lemma closure_of_locally_finite_sum_support:
  assumes "locally_finite_family X J f"
  shows "X closure_of {x\<in>topspace X. (\<Sum>j\<in>{j\<in>J. f j x \<noteq> 0}. f j x) \<noteq> 0}
           \<subseteq> (\<Union>j\<in>J. X closure_of {x\<in>topspace X. f j x \<noteq> 0})"
proof
  fix z assume z: "z \<in> X closure_of {x\<in>topspace X. (\<Sum>j\<in>{j\<in>J. f j x \<noteq> 0}. f j x) \<noteq> 0}"
  show "z \<in> (\<Union>j\<in>J. X closure_of {x\<in>topspace X. f j x \<noteq> 0})"
  proof (rule ccontr)
    assume nz: "z \<notin> (\<Union>j\<in>J. X closure_of {x\<in>topspace X. f j x \<noteq> 0})"
    have "z \<in> topspace X" using z in_closure_of by fastforce
    then obtain V where V: "openin X V" "z \<in> V" and fin: "finite {j\<in>J. \<exists>y\<in>V. f j y \<noteq> 0}"
      using assms unfolding locally_finite_family_def by blast
    define T where "T = V - (\<Union>j\<in>{j\<in>J. \<exists>y\<in>V. f j y \<noteq> 0}. X closure_of {x\<in>topspace X. f j x \<noteq> 0})"
    have "openin X T"
      unfolding T_def using fin by (intro openin_diff V(1) closedin_Union) auto
    moreover have "z \<in> T" using nz V(2) by (auto simp: T_def)
    ultimately obtain y where y: "y \<in> topspace X" "y \<in> T" "(\<Sum>j\<in>{j\<in>J. f j y \<noteq> 0}. f j y) \<noteq> 0"
      using z unfolding in_closure_of by blast
    then obtain j where "j \<in> J" "f j y \<noteq> 0"
      by (metis (mono_tags, lifting) empty_iff mem_Collect_eq sum.neutral)
    moreover have "y \<in> X closure_of {x\<in>topspace X. f j x \<noteq> 0}" if "f j y \<noteq> 0"
      using closure_of_subset[of "{x\<in>topspace X. f j x \<noteq> 0}" X] y(1) that by blast
    ultimately show False using y(2) by (auto simp: T_def)
  qed
qed

lemma indexed_partition_of_unity_imp_continuous:
  "indexed_partition_of_unity X J f \<Longrightarrow> j \<in> J \<Longrightarrow> continuous_map X euclideanreal (f j)"
  and indexed_partition_of_unity_imp_nonneg:
  "indexed_partition_of_unity X J f \<Longrightarrow> j \<in> J \<Longrightarrow> x \<in> topspace X \<Longrightarrow> 0 \<le> f j x"
  and indexed_partition_of_unity_imp_sum_eq_1:
  "indexed_partition_of_unity X J f \<Longrightarrow> x \<in> topspace X \<Longrightarrow> (\<Sum>j\<in>{j\<in>J. f j x \<noteq> 0}. f j x) = 1"
  and indexed_partition_of_unity_imp_locally_finite:
  "indexed_partition_of_unity X J f \<Longrightarrow> locally_finite_family X J f"
  by (auto simp: indexed_partition_of_unity_def point_finite_partition_of_unity_def)

lemma indexed_partition_of_unityI:
  assumes "\<And>j. j \<in> J \<Longrightarrow> continuous_map X euclideanreal (f j)"
    and "\<And>j x. j \<in> J \<Longrightarrow> x \<in> topspace X \<Longrightarrow> 0 \<le> f j x"
    and "locally_finite_family X J f"
    and "\<And>x. x \<in> topspace X \<Longrightarrow> (\<Sum>j\<in>{j\<in>J. f j x \<noteq> 0}. f j x) = 1"
  shows "indexed_partition_of_unity X J f"
  using assms locally_finite_family_imp_finite
  by (auto simp: indexed_partition_of_unity_def point_finite_partition_of_unity_def)

lemma locally_finite_partition_of_unity_iff_indexed:
  "locally_finite_partition_of_unity X F \<longleftrightarrow> indexed_partition_of_unity X F (\<lambda>f. f)"
  using locally_finite_family_imp_finite[of X F "\<lambda>f. f"]
  by (auto simp: locally_finite_partition_of_unity_def indexed_partition_of_unity_def
      point_finite_partition_of_unity_def locally_finite_family_def)

lemma indexed_partition_of_unity_cong:
  assumes "indexed_partition_of_unity X J f"
    and "\<And>j x. j \<in> J \<Longrightarrow> x \<in> topspace X \<Longrightarrow> f j x = g j x"
  shows "indexed_partition_of_unity X J g"
proof (rule indexed_partition_of_unityI)
  show "continuous_map X euclideanreal (g j)" if "j \<in> J" for j
    using indexed_partition_of_unity_imp_continuous[OF assms(1) that]
    by (rule continuous_map_eq) (use assms(2) that in auto)
  show "locally_finite_family X J g"
    by (rule locally_finite_family_mono[OF indexed_partition_of_unity_imp_locally_finite[OF assms(1)]])
       (use assms(2) in auto)
  show "(\<Sum>j\<in>{j\<in>J. g j x \<noteq> 0}. g j x) = 1" if "x \<in> topspace X" for x
  proof -
    have "{j\<in>J. g j x \<noteq> 0} = {j\<in>J. f j x \<noteq> 0}"
      using assms(2) that by auto
    then show ?thesis
      using indexed_partition_of_unity_imp_sum_eq_1[OF assms(1) that] assms(2) that by simp
  qed
  show "0 \<le> g j x" if "j \<in> J" "x \<in> topspace X" for j x
    using indexed_partition_of_unity_imp_nonneg[OF assms(1) that] assms(2)[OF that] by simp
qed

lemma indexed_partition_of_unity_regroup:
  assumes g: "indexed_partition_of_unity X I g" and c: "c ` I \<subseteq> J"
  defines "f \<equiv> \<lambda>j x. \<Sum>i\<in>{i\<in>{i\<in>I. c i = j}. g i x \<noteq> 0}. g i x"
  shows "indexed_partition_of_unity X J f"
    and "X closure_of {x\<in>topspace X. f j x \<noteq> 0}
           \<subseteq> (\<Union>i\<in>{i\<in>I. c i = j}. X closure_of {x\<in>topspace X. g i x \<noteq> 0})"
proof -
  have lf: "locally_finite_family X I g"
    using g by (rule indexed_partition_of_unity_imp_locally_finite)
  have lf_fibre: "locally_finite_family X {i\<in>I. c i = j} g" for j
    by (rule locally_finite_family_mono[OF lf]) auto
  have f_nz: "\<exists>i\<in>I. c i = j \<and> g i x \<noteq> 0" if "f j x \<noteq> 0" for j x
    using that unfolding f_def by (rule sum.not_neutral_contains_not_neutral) auto
  show "X closure_of {x\<in>topspace X. f j x \<noteq> 0}
          \<subseteq> (\<Union>i\<in>{i\<in>I. c i = j}. X closure_of {x\<in>topspace X. g i x \<noteq> 0})"
    unfolding f_def by (rule closure_of_locally_finite_sum_support[OF lf_fibre])
  show "indexed_partition_of_unity X J f"
  proof (rule indexed_partition_of_unityI)
    show "continuous_map X euclideanreal (f j)" for j
      unfolding f_def
      by (rule continuous_map_locally_finite_sum[OF _ lf_fibre])
         (use indexed_partition_of_unity_imp_continuous[OF g] in auto)
    show "0 \<le> f j x" if "x \<in> topspace X" for j x
      unfolding f_def using indexed_partition_of_unity_imp_nonneg[OF g _ that] by (auto intro: sum_nonneg)
    show "locally_finite_family X J f"
      unfolding locally_finite_family_def
    proof
      fix x assume "x \<in> topspace X"
      then obtain V where V: "openin X V" "x \<in> V" and fin: "finite {i\<in>I. \<exists>y\<in>V. g i y \<noteq> 0}"
        using lf unfolding locally_finite_family_def by blast
      have "{j\<in>J. \<exists>y\<in>V. f j y \<noteq> 0} \<subseteq> c ` {i\<in>I. \<exists>y\<in>V. g i y \<noteq> 0}"
        using f_nz by blast
      then have "finite {j\<in>J. \<exists>y\<in>V. f j y \<noteq> 0}"
        using fin by (rule finite_subset[OF _ finite_imageI])
      then show "\<exists>V. openin X V \<and> x \<in> V \<and> finite {j\<in>J. \<exists>y\<in>V. f j y \<noteq> 0}"
        using V by blast
    qed
    show "(\<Sum>j\<in>{j\<in>J. f j x \<noteq> 0}. f j x) = 1" if x: "x \<in> topspace X" for x
    proof -
      define Ix where "Ix = {i\<in>I. g i x \<noteq> 0}"
      have fin: "finite Ix"
        unfolding Ix_def using lf x by (rule locally_finite_family_imp_finite)
      have "f j x = (\<Sum>i\<in>{i\<in>Ix. c i = j}. g i x)" for j
        unfolding f_def Ix_def by (rule sum.cong) auto
      moreover have "(\<Sum>j\<in>{j\<in>J. f j x \<noteq> 0}. f j x) = (\<Sum>j\<in>c ` Ix. f j x)"
        by (rule sum_nonzero_eq_sum_superset) (use fin f_nz c in \<open>auto simp: Ix_def\<close>)
      ultimately have "(\<Sum>j\<in>{j\<in>J. f j x \<noteq> 0}. f j x) = (\<Sum>i\<in>Ix. g i x)"
        using sum.group[OF fin finite_imageI[OF fin] subset_refl, of "\<lambda>i. g i x"] by simp
      then show ?thesis
        using indexed_partition_of_unity_imp_sum_eq_1[OF g x] by (simp add: Ix_def)
    qed
  qed
qed

lemma paracompact_space_imp_indexed_partition_of_unity:
  assumes para: "paracompact_space X"
    and opn: "\<And>j. j \<in> J \<Longrightarrow> openin X (U j \<inter> topspace X)"
    and cov: "topspace X \<subseteq> (\<Union>j\<in>J. U j)"
  obtains f where "indexed_partition_of_unity X J f" "subordinate_family X J f U"
proof -
  have cover: "(\<forall>V\<in>(\<lambda>j. U j \<inter> topspace X) ` J. openin X V) \<and> \<Union>((\<lambda>j. U j \<inter> topspace X) ` J) = topspace X"
    using opn cov by auto
  obtain F where F: "locally_finite_partition_of_unity X F"
    and sub: "subordinate_to X F ((\<lambda>j. U j \<inter> topspace X) ` J)"
    using para[unfolded paracompact_space_def, rule_format, OF cover] by blast
  have "\<forall>g\<in>F. \<exists>j. j \<in> J \<and> X closure_of {x\<in>topspace X. g x \<noteq> 0} \<subseteq> U j"
    using sub unfolding subordinate_to_def by blast
  then obtain c where c: "\<And>g. g \<in> F \<Longrightarrow> c g \<in> J \<and> X closure_of {x\<in>topspace X. g x \<noteq> 0} \<subseteq> U (c g)"
    by metis
  note regroup = indexed_partition_of_unity_regroup[where I=F and g="\<lambda>g. g" and c=c]
  show thesis
  proof
    show "indexed_partition_of_unity X J (\<lambda>j x. \<Sum>g\<in>{g\<in>{g\<in>F. c g = j}. g x \<noteq> 0}. g x)"
      using regroup(1) F c by (auto simp: locally_finite_partition_of_unity_iff_indexed)
    show "subordinate_family X J (\<lambda>j x. \<Sum>g\<in>{g\<in>{g\<in>F. c g = j}. g x \<noteq> 0}. g x) U"
      unfolding subordinate_family_def
      using regroup(2) F c by (force simp: locally_finite_partition_of_unity_iff_indexed)
  qed
qed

Task instructions: Wherever the string "thesis" appears in the listing above, show the whole line.

Output of the exercise:
    then show ?thesis
      then show ?thesis
  show thesis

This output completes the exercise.